I shared some thoughts on the comment above: before KIP-447, when we re-trigger the rebalance if the task is indeed migrated out the corresponding producer would be closed, otherwise that producer will be retained. But I think after KIP-447 we need to revisit this again.

At the moment I feel okay to treat UnknownProducerId equally as ProducerFenced.

Thanks. That will be a good opportunity to clean up what is honestly a pretty ham-handed approach here to gracefully deal with this condition without changing too much code.

vvcephei · 2019-11-30T20:37:34Z

Hi again, all, I've updated the PR description, and also upgraded the Jira ticket to "Blocker". The rationale is detailed here:
https://issues.apache.org/jira/browse/KAFKA-9231?focusedCommentId=16985429&page=com.atlassian.jira.plugin.system.issuetabpanels:comment-tabpanel#comment-16985429

Please take a look and let me know if you agree.

Also, as a status update, with the most recent commit, my soak test cluster has been running and stable for 27 hours. This is significantly longer than any of the iterations since I started this testing effort (previous record is like 6 hours), so I'm cautiously optimistic that I've discovered all the immediately available bugs.

All that then remains is to add specific regression tests for my changes, and to resolve the outstanding code review conversation about catching UnknownProducerIdException.

vvcephei · 2019-12-03T04:21:00Z

Hello again, all,

After quite a bit of wrestling with the tests, I've decided only to implement unit-style regression tests. I tried to figure out some way we could exercise these conditions in integration tests to ensure that the cluster actually does just rebalance and continue working, but there are so many separate, tiny branches that any such approach would have a low probability of really exercising the desired paths, and a high probability of only failing rarely, even if we do introduce a regression.

I think the regression tests are a good addition. It turns out that we were actually totally lacking in coverage on most of the "producer fenced" branches. This might have something to do with how these bugs made their way into the code base to begin with.

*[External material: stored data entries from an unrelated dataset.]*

(* Fix any constant $c > 0$. There exists an adaptive algorithm that, given $n$ items among which an unknown number $k$ are defective and accessed through noisy group tests as in the context, outputs $\bar k$ satisfying $\frac{\bar k}{2} \le k \le \bar k$ with probability $1 - O(n^{-c})$, using an average of $O(\log k \cdot \log n)$ tests. Moreover, for any fixed $\epsilon \in (0,1)$ there exists such an algorithm outputting $\bar k$ with $(1-\epsilon)\bar k \le k \le \bar k$ with probability $1-O(n^{-c})$, using an average of $O(\log k\cdot\log n)$ tests, where the implicit constant in the number of tests depends on $\epsilon$.
   Context: Noisy group test: a test is a subset (pool) of the items, and its outcome is $Y = U \oplus Z$, where $U=1$ if the pool contains at least one defective and $U=0$ otherwise, $Z\sim\mathrm{Bernoulli}(\rho)$ for a fixed $\rho \in (0,\frac12)$ independently across tests, and $\oplus$ is addition modulo 2. Tests may be chosen adaptively (depending on previous outcomes) and the number of tests may be random. Asymptotics are as $n\to\infty$. *)

theory Defs
  imports "HOL-Probability.Probability"
begin

text \<open>Items are 0..n-1. A history records the pools tested so far with their
 (noisy) outcomes. A (possibly randomized) adaptive algorithm is a behavioural
 strategy: given the history it either outputs an estimate (Inl) or chooses the
 next pool (Inr), at random according to a pmf.\<close>

type_synonym gt_hist = "(nat set \<times> bool) list"
type_synonym gt_algo = "gt_hist \<Rightarrow> (nat + nat set) pmf"

text \<open>One step of the interaction. State: history and (optional) output.
 Outcome of testing pool S is U xor Z with U = (S meets K) and Z ~ Bernoulli(rho).\<close>

definition gt_step :: "real \<Rightarrow> nat set \<Rightarrow> gt_algo \<Rightarrow> gt_hist \<times> nat option
    \<Rightarrow> (gt_hist \<times> nat option) pmf" where
  "gt_step \<rho> K A s = (case snd s of
      Some _ \<Rightarrow> return_pmf s
    | None \<Rightarrow> bind_pmf (A (fst s)) (\<lambda>d. case d of
        Inl kb \<Rightarrow> return_pmf (fst s, Some kb)
      | Inr S \<Rightarrow> map_pmf (\<lambda>z. (fst s @ [(S, (S \<inter> K \<noteq> {}) \<noteq> z)], None))
                    (bernoulli_pmf \<rho>)))"

definition gt_run :: "real \<Rightarrow> nat set \<Rightarrow> gt_algo \<Rightarrow> nat \<Rightarrow> (gt_hist \<times> nat option) pmf" where
  "gt_run \<rho> K A t = ((\<lambda>p. bind_pmf p (gt_step \<rho> K A)) ^^ t) (return_pmf ([], None))"

definition gt_success_prob :: "real \<Rightarrow> nat set \<Rightarrow> gt_algo \<Rightarrow> (nat \<Rightarrow> bool) \<Rightarrow> real" where
  "gt_success_prob \<rho> K A P =
     (SUP t. measure_pmf.prob (gt_run \<rho> K A t) {s. \<exists>kb. snd s = Some kb \<and> P kb})"

text \<open>Expected number of tests performed within the first t steps; the expected
 total number of tests is the supremum over t (monotone convergence).\<close>
definition gt_tests_upto :: "real \<Rightarrow> nat set \<Rightarrow> gt_algo \<Rightarrow> nat \<Rightarrow> real" where
  "gt_tests_upto \<rho> K A t =
     measure_pmf.expectation (gt_run \<rho> K A t) (\<lambda>s. real (length (fst s)))"

end

theory Submission
  imports Defs
begin

(* Stage j runs M = O(log n) tests on random pools containing each item independently with
   probability 1 - 2 powr (-1 / r^j).  Such a pool meets the k defectives with probability
   1 - 2 powr (-k / r^j), so the rate of positive outcomes is at least tau + g while r^j < k and
   at most tau - g once k <= alpha * r^j.  The search stops at the first stage whose fraction of
   positive outcomes is below tau and outputs floor (r^j); since r = alpha / (1 - eps), any stage
   not later than the first one with k <= alpha * r^j yields an admissible estimate when it stops.
   By Hoeffding's inequality a stage misbehaves with probability at most exp (-2 M g^2), which is
   at most n powr -(c + 1) for M ~ log n, and a union bound over the O(n) stages gives the success
   probability.  The expected number of tests is at most M times the number O(log k) of stages up
   to the first good one, plus the failure probability times the worst case. *)

section \<open>Expectations over probability mass functions\<close>

lemma bernoulli_pmf_pmf_True: "bernoulli_pmf (pmf p True) = p"
proof (rule pmf_eqI)
  fix b :: bool
  show "pmf (bernoulli_pmf (pmf p True)) b = pmf p b"
    by (cases b) (simp_all add: pmf_le_1 pmf_False_conv_True)
qed

lemma measure_pmf_prob_bind:
  "measure_pmf.prob (bind_pmf p q) A = measure_pmf.expectation p (\<lambda>x. measure_pmf.prob (q x) A)"
  unfolding measure_pmf_bind
  by (rule measure_pmf.measure_bind[where N="count_space UNIV"]) (auto simp: measure_subprob)

lemma expectation_bind_pmf:
  fixes f :: "'b \<Rightarrow> real"
  assumes "\<And>y. y \<in> set_pmf (bind_pmf p q) \<Longrightarrow> \<bar>f y\<bar> \<le> B"
  shows "measure_pmf.expectation (bind_pmf p q) f =
           measure_pmf.expectation p (\<lambda>x. measure_pmf.expectation (q x) f)"
proof -
  define f' where "f' y = max (- B) (min (f y) B)" for y
  have on_support: "measure_pmf.expectation r f' = measure_pmf.expectation r f"
    if "set_pmf r \<subseteq> set_pmf (bind_pmf p q)" for r
  proof (intro integral_cong_AE AE_pmfI)
    fix y assume "y \<in> set_pmf r"
    then have "\<bar>f y\<bar> \<le> B" using that assms by blast
    then show "f' y = f y" by (auto simp: f'_def)
  qed simp_all
  have "measure_pmf.expectation (bind_pmf p q) f = measure_pmf.expectation (bind_pmf p q) f'"
    by (simp add: on_support)
  also have "\<dots> = measure_pmf.expectation p (\<lambda>x. measure_pmf.expectation (q x) f')"
    unfolding measure_pmf_bind
    by (rule integral_bind[where K="count_space UNIV" and B="\<bar>B\<bar>" and B'=1])
       (auto simp: f'_def measure_subprob measure_pmf.emeasure_space_1)
  also have "\<dots> = measure_pmf.expectation p (\<lambda>x. measure_pmf.expectation (q x) f)"
    by (intro integral_cong_AE AE_pmfI on_support) auto
  finally show ?thesis .
qed

lemma funpow_bind_pmf:
  fixes f :: "'a \<Rightarrow> 'a pmf"
  shows "((\<lambda>q. bind_pmf q f) ^^ t) p = bind_pmf p (\<lambda>s. ((\<lambda>q. bind_pmf q f) ^^ t) (return_pmf s))"
proof (induction t arbitrary: p)
  case 0
  show ?case by (simp add: bind_return_pmf' id_def)
next
  case (Suc t)
  have step: "((\<lambda>q. bind_pmf q f) ^^ Suc t) r = ((\<lambda>q. bind_pmf q f) ^^ t) (bind_pmf r f)" for r
    by (simp add: funpow_Suc_right del: funpow.simps)
  show ?case
    by (simp add: step Suc[of "bind_pmf p f"] Suc[of "f _"] bind_assoc_pmf bind_return_pmf
        del: funpow.simps)
qed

My soak test is still running without losing any more threads, so as far as I'm concerned, it seems like the PR results in a stable Kafka Streams with EOS. At this point, I'm going to run the system tests overnight, and we can try to conclude the code review tomorrow.

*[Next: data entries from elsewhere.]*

(* Let $\mathcal{P}$ be a finite set of passwords, $R_1,\dots,R_m\subseteq\mathcal{P}$ positive rules, and $\ell_1,\dots,\ell_n$ rankings of $\mathcal{P}$. Consider IterativeElimination: set $S_0=[m]$, $i=0$; while $S_i\neq\emptyset$, let $w(S_i)$ be a password maximizing $\Pr[w\mid\mathcal{A}_{S_i}]$ over $w\in\mathcal{A}_{S_i}$, set $S_{i+1}=S_i\setminus\{j : w(S_i)\in R_j\}$ and increase $i$; finally return $S_{i^*}$ where $i^*$ minimizes $p(1,\mathcal{A}_{S_i})$ over the nonempty sets $S_i$ produced. Then the returned set $S$ satisfies $p(1,\mathcal{A}_S)\le p(1,\mathcal{A}_{S'})$ for every $S'\subseteq[m]$ (with $\mathcal{A}_{S'}\ne\emptyset$).
   Context: Positive rules setting: for $S\subseteq[m]$, the policy is $\mathcal{A}_S=\bigcup_{i\in S}R_i$. Ranking model: user $i$, under policy $\mathcal{A}$, chooses the most preferred (according to $\ell_i$) password in $\mathcal{A}$; $\Pr[w\mid\mathcal{A}]=\frac1n|\{i: \text{user } i\text{ chooses } w\}|$. $p(1,\mathcal{A})=\max_{w\in\mathcal{A}}\Pr[w\mid\mathcal{A}]$, the probability of the most popular allowed password. *)

theory Defs
  imports Complex_Main
begin

text \<open>Users are indexed by {1..n}; user i has ranking l i, a bijection from P onto
{1..card P}, rank 1 being the most preferred password.\<close>

definition is_ranking :: "'p set \<Rightarrow> ('p \<Rightarrow> nat) \<Rightarrow> bool" where
  "is_ranking P r \<longleftrightarrow> bij_betw r P {1..card P}"

definition policy :: "(nat \<Rightarrow> 'p set) \<Rightarrow> nat set \<Rightarrow> 'p set" where
  "policy R S = (\<Union>j\<in>S. R j)"

definition choice :: "('p \<Rightarrow> nat) \<Rightarrow> 'p set \<Rightarrow> 'p" where
  "choice r A = (THE w. w \<in> A \<and> (\<forall>v\<in>A. r w \<le> r v))"

definition Pr :: "nat \<Rightarrow> (nat \<Rightarrow> 'p \<Rightarrow> nat) \<Rightarrow> 'p \<Rightarrow> 'p set \<Rightarrow> real" where
  "Pr n l w A = real (card {i\<in>{1..n}. choice (l i) A = w}) / real n"

definition p1 :: "nat \<Rightarrow> (nat \<Rightarrow> 'p \<Rightarrow> nat) \<Rightarrow> 'p set \<Rightarrow> real" where
  "p1 n l A = Max ((\<lambda>w. Pr n l w A) ` A)"

text \<open>Ties (in the choice of w i) may be broken arbitrarily.\<close>
definition IE_run :: "nat \<Rightarrow> (nat \<Rightarrow> 'p \<Rightarrow> nat) \<Rightarrow> nat \<Rightarrow> (nat \<Rightarrow> 'p set)
    \<Rightarrow> (nat \<Rightarrow> nat set) \<Rightarrow> (nat \<Rightarrow> 'p) \<Rightarrow> nat \<Rightarrow> bool" where
  "IE_run n l m R S w k \<longleftrightarrow>
     S 0 = {1..m} \<and> S k = {} \<and>
     (\<forall>i<k. S i \<noteq> {} \<and>
        w i \<in> policy R (S i) \<and>
        (\<forall>v\<in>policy R (S i). Pr n l v (policy R (S i)) \<le> Pr n l (w i) (policy R (S i))) \<and>
        S (Suc i) = S i - {j. w i \<in> R j})"

definition IE_output :: "nat \<Rightarrow> (nat \<Rightarrow> 'p \<Rightarrow> nat) \<Rightarrow> nat \<Rightarrow> (nat \<Rightarrow> 'p set)
    \<Rightarrow> nat set \<Rightarrow> bool" where
  "IE_output n l m R T \<longleftrightarrow>
     (\<exists>S w k istar. IE_run n l m R S w k \<and> istar < k \<and>
        (\<forall>i<k. p1 n l (policy R (S istar)) \<le> p1 n l (policy R (S i))) \<and>
        T = S istar)"

end

theory Submission
  imports Defs
begin

text \<open>Since the run starts at \<open>[m]\<close>
and ends at \<open>{}\<close>, some step \<open>i\<close> is the first to remove a rule of \<open>S'\<close>: then
\<open>S' \<subseteq> S i\<close> and the eliminated password \<open>w i\<close> lies in \<open>A(S')\<close>. Shrinking the policy
from \<open>A(S i)\<close> to \<open>A(S') \<subseteq> A(S i)\<close> keeps every user who chose \<open>w i\<close> on it, so
\<open>p1(A(S')) \<ge> Pr[w i | A(S')] \<ge> Pr[w i | A(S i)] = p1(A(S i)) \<ge> p1(A(T))\<close>.\<close>

lemma choice_eqI:
  assumes "inj_on r A" "w \<in> A" "\<forall>v\<in>A. r w \<le> r v"
  shows "choice r A = w"
  unfolding choice_def
proof (rule the_equality)
  show "w \<in> A \<and> (\<forall>v\<in>A. r w \<le> r v)" using assms(2,3) by blast
  fix x assume "x \<in> A \<and> (\<forall>v\<in>A. r x \<le> r v)"
  then show "x = w" using assms by (meson antisym inj_onD)
qed

lemma choice_minimal:
  assumes "finite A" "A \<noteq> {}" "inj_on r A"
  shows "choice r A \<in> A \<and> (\<forall>v\<in>A. r (choice r A) \<le> r v)"
proof -
  have "Min (r ` A) \<in> r ` A" using assms(1,2) by (intro Min_in) auto
  then obtain w where "w \<in> A" "r w = Min (r ` A)" by auto
  moreover have "\<forall>v\<in>A. Min (r ` A) \<le> r v" using assms(1) by simp
  ultimately show ?thesis using choice_eqI[OF assms(3)] by auto
qed

lemma choice_subset:
  assumes "finite A" "inj_on r A" "B \<subseteq> A" "choice r A \<in> B"
  shows "choice r B = choice r A"
proof -
  have "\<forall>v\<in>A. r (choice r A) \<le> r v"
    using choice_minimal[OF assms(1) _ assms(2)] assms(3,4) by blast
  then show ?thesis
    using choice_eqI[OF inj_on_subset[OF assms(2,3)] assms(4)] assms(3) by blast
qed

lemma Pr_mono_subset:
  assumes "finite A" "\<forall>i\<in>{1..n}. inj_on (l i) A" "B \<subseteq> A" "w \<in> B"
  shows "Pr n l w A \<le> Pr n l w B"
proof -
  have "{i\<in>{1..n}. choice (l i) A = w} \<subseteq> {i\<in>{1..n}. choice (l i) B = w}"
    using choice_subset[OF assms(1) _ assms(3)] assms(2,4) by auto
  then show ?thesis
    unfolding Pr_def by (intro divide_right_mono) (auto intro: card_mono)
qed

lemma Pr_le_p1:
  assumes "finite A" "w \<in> A"
  shows "Pr n l w A \<le> p1 n l A"
  unfolding p1_def using assms by (intro Max_ge) auto

lemma p1_eq_Pr_max:
  assumes "finite A" "w \<in> A" "\<forall>v\<in>A. Pr n l v A \<le> Pr n l w A"
  shows "p1 n l A = Pr n l w A"
  unfolding p1_def using assms by (intro Max_eqI) auto

lemma p1_le_subpolicy:
  assumes "finite A" "\<forall>i\<in>{1..n}. inj_on (l i) A"
    and "w \<in> A" "\<forall>v\<in>A. Pr n l v A \<le> Pr n l w A"
    and "B \<subseteq> A" "w \<in> B"
  shows "p1 n l A \<le> p1 n l B"
proof -
  have "p1 n l A = Pr n l w A" using p1_eq_Pr_max assms(1,3,4) .
  also have "\<dots> \<le> Pr n l w B" using Pr_mono_subset assms(1,2,5,6) .
  also have "\<dots> \<le> p1 n l B" using Pr_le_p1 finite_subset[OF assms(5,1)] assms(6) .
  finally show ?thesis .
qed

lemma policy_mono: "S \<subseteq> S' \<Longrightarrow> policy R S \<subseteq> policy R S'"
  unfolding policy_def by blast

lemma IE_run_subset_initial:
  assumes "IE_run n l m R S w k" "i \<le> k"
  shows "S i \<subseteq> {1..m}"
  using assms(2)
proof (induction i)
  case 0 then show ?case using assms(1) unfolding IE_run_def by simp
next
  case (Suc i) then show ?case using assms(1) unfolding IE_run_def by auto
qed

lemma IE_run_first_hit:
  assumes "IE_run n l m R S w k" "S' \<subseteq> {1..m}" "policy R S' \<noteq> {}"
  obtains i where "i < k" "S' \<subseteq> S i" "w i \<in> policy R S'"
proof -
  note run = assms(1)[unfolded IE_run_def]
  have "\<exists>i<k. S' \<subseteq> S i \<and> \<not> S' \<subseteq> S (Suc i)"
  proof (rule ccontr)
    assume never: "\<not> ?thesis"
    have "i \<le> k \<Longrightarrow> S' \<subseteq> S i" for i
      by (induction i) (use run assms(2) never in auto)
    then show False using run assms(3) unfolding policy_def by auto
  qed
  then obtain i where "i < k" "S' \<subseteq> S i" "\<not> S' \<subseteq> S (Suc i)" by blast
  moreover from this have "w i \<in> policy R S'"
    using run unfolding policy_def by auto
  ultimately show ?thesis using that by blast
qed

theorem theorem3p3:
  fixes P :: "'p set" and R :: "nat \<Rightarrow> 'p set" and l :: "nat \<Rightarrow> 'p \<Rightarrow> nat"
    and m n :: nat and T :: "nat set"
  assumes "finite P"
    and "\<forall>j\<in>{1..m}. R j \<subseteq> P"
    and "\<forall>i\<in>{1..n}. is_ranking P (l i)"
    and "IE_output n l m R T"
  shows "\<forall>S'. S' \<subseteq> {1..m} \<and> policy R S' \<noteq> {} \<longrightarrow>
           p1 n l (policy R T) \<le> p1 n l (policy R S')"
proof (intro allI impI)
  fix S' assume S': "S' \<subseteq> {1..m} \<and> policy R S' \<noteq> {}"
  obtain S w k istar where run: "IE_run n l m R S w k" and "istar < k"
    and best: "\<forall>i<k. p1 n l (policy R T) \<le> p1 n l (policy R (S i))"
    using assms(4) unfolding IE_output_def by blast
  obtain i where i: "i < k" "S' \<subseteq> S i" "w i \<in> policy R S'"
    using IE_run_first_hit[OF run] S' by blast
  have AP: "policy R (S i) \<subseteq> P"
    using IE_run_subset_initial[OF run, of i] i(1) assms(2) unfolding policy_def by force
  have "p1 n l (policy R (S i)) \<le> p1 n l (policy R S')"
  proof (rule p1_le_subpolicy[OF _ _ _ _ policy_mono[OF i(2)] i(3)])
    show "finite (policy R (S i))" using AP assms(1) finite_subset by blast
    show "\<forall>u\<in>{1..n}. inj_on (l u) (policy R (S i))"
      using assms(3) AP unfolding is_ranking_def bij_betw_def by (meson inj_on_subset)
    show "w i \<in> policy R (S i)"
      and "\<forall>v\<in>policy R (S i). Pr n l v (policy R (S i)) \<le> Pr n l (w i) (policy R (S i))"
      using run i(1) unfolding IE_run_def by auto
  qed
  then show "p1 n l (policy R T) \<le> p1 n l (policy R S')" using best i(1) by force
qed

end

vvcephei · 2019-12-03T16:06:06Z

The system tests passed: http://testing.confluent.io/confluent-kafka-branch-builder-system-test-results/?prefix=2019-12-03--001.1575379972--vvcephei--fix-fenced-on-suspend--96a2d96/

vvcephei · 2019-12-03T16:22:01Z

I've reported the unrelated test failures:

vvcephei · 2019-12-03T16:23:32Z

Retest this, please.

guozhangwang

Reviewed the non-testing part of the PR which looks good to me, thanks @vvcephei.

Just some more thoughts about how UnknownProducerId can kill a thread since it was not observed (or at least not as common as to catch our eyes before): when producer.send gets the unknown producer id it gets remembered in the sendException field as a StreamsException, which is checked in each 1) send, 2) flush, 3) close calls.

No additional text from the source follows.